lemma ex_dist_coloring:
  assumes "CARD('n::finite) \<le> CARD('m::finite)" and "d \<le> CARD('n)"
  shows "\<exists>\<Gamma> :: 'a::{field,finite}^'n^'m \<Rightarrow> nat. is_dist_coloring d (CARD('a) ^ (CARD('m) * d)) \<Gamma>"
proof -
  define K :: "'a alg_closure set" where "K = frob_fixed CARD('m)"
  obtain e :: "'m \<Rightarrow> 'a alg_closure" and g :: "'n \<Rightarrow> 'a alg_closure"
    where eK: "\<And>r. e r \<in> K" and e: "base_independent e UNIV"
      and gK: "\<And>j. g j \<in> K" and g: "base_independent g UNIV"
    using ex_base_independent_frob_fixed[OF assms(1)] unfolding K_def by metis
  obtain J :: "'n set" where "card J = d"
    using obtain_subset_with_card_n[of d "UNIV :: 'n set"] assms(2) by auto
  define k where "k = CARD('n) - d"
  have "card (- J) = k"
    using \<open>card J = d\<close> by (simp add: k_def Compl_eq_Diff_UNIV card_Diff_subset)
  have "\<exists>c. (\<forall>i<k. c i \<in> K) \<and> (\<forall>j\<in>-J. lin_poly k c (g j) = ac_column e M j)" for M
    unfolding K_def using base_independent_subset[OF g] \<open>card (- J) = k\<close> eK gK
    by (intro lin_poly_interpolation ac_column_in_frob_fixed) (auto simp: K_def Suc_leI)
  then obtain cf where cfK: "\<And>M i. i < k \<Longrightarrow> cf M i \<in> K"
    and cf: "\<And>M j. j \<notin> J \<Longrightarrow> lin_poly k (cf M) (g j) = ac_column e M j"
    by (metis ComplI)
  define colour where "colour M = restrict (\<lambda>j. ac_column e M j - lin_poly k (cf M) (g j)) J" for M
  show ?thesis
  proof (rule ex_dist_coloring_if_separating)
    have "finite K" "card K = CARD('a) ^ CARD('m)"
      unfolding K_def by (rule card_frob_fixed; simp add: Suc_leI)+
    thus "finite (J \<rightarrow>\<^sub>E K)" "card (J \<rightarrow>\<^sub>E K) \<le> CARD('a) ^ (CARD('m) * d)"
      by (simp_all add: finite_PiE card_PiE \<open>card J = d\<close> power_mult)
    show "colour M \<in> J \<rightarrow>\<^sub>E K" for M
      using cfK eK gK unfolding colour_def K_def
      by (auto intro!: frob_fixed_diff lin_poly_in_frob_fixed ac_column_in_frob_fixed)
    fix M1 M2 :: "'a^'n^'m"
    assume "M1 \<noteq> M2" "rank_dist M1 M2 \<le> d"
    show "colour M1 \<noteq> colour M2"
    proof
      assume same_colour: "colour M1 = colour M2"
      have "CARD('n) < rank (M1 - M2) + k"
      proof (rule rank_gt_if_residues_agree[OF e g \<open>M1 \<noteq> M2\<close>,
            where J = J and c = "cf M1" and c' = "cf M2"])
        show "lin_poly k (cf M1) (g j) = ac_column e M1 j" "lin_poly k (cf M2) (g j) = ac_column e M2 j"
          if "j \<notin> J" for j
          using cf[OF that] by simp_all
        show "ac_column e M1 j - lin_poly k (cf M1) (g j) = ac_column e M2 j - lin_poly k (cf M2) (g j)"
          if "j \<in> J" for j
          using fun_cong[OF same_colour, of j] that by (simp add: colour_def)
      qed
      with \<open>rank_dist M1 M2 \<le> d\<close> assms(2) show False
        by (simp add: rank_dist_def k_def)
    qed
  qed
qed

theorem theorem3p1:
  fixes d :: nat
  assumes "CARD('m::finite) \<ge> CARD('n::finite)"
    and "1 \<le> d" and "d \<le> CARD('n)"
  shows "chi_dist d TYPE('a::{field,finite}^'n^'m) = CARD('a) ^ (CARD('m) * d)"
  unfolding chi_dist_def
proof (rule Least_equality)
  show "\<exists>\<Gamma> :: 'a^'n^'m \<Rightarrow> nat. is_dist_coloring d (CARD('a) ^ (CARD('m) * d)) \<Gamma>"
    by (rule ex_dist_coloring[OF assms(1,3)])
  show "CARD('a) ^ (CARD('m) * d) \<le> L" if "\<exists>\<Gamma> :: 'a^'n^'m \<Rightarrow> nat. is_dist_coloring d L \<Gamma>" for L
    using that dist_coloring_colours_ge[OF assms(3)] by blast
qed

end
........
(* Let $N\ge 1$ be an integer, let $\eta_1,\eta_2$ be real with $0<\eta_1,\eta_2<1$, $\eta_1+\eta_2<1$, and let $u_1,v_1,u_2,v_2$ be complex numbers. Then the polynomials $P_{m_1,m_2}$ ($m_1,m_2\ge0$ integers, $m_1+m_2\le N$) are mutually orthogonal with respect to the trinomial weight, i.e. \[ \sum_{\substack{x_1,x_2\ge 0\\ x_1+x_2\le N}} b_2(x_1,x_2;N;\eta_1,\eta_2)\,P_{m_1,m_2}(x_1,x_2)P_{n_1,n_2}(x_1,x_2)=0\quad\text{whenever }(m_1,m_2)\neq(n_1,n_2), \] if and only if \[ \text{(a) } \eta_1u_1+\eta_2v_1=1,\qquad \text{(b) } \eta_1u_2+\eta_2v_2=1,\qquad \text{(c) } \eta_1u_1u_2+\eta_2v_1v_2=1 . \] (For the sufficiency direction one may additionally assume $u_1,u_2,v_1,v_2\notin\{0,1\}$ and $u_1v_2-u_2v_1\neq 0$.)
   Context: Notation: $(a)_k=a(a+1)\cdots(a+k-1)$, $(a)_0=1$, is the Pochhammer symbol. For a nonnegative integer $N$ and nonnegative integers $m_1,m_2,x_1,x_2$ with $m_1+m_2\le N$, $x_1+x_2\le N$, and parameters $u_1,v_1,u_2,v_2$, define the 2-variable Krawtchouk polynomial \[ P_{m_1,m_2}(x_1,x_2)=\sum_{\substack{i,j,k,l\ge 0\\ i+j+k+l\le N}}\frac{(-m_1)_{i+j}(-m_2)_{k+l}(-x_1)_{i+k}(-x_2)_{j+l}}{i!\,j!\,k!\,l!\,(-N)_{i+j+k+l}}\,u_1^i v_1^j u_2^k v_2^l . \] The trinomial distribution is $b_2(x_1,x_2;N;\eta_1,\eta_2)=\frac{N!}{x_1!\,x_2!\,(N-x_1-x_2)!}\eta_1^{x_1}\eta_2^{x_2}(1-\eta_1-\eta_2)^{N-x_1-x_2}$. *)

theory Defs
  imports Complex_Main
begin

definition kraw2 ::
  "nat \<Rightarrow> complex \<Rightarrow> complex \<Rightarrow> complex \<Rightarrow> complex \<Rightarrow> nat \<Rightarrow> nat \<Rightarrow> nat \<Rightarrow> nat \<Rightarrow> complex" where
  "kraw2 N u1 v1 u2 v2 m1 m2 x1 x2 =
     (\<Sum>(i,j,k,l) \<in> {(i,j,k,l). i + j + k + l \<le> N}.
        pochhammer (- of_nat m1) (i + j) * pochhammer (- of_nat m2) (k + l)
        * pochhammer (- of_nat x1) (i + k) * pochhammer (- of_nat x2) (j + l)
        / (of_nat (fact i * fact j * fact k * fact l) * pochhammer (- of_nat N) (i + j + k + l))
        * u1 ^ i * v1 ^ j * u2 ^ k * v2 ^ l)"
........
**Description of the task**: In your answer, include only the lines above starting at the line that holds "theory Defs" and ending at the line that holds "pochhammer (- of_nat m1)", copied exactly.

**Result of the task**:
theory Defs
  imports Complex_Main
begin

definition kraw2 ::
  "nat \<Rightarrow> complex \<Rightarrow> complex \<Rightarrow> complex \<Rightarrow> complex \<Rightarrow> nat \<Rightarrow> nat \<Rightarrow> nat \<Rightarrow> nat \<Rightarrow> complex" where
  "kraw2 N u1 v1 u2 v2 m1 m2 x1 x2 =
     (\<Sum>(i,j,k,l) \<in> {(i,j,k,l). i + j + k + l \<le> N}.
        pochhammer (- of_nat m1) (i + j) * pochhammer (- of_nat m2) (k + l)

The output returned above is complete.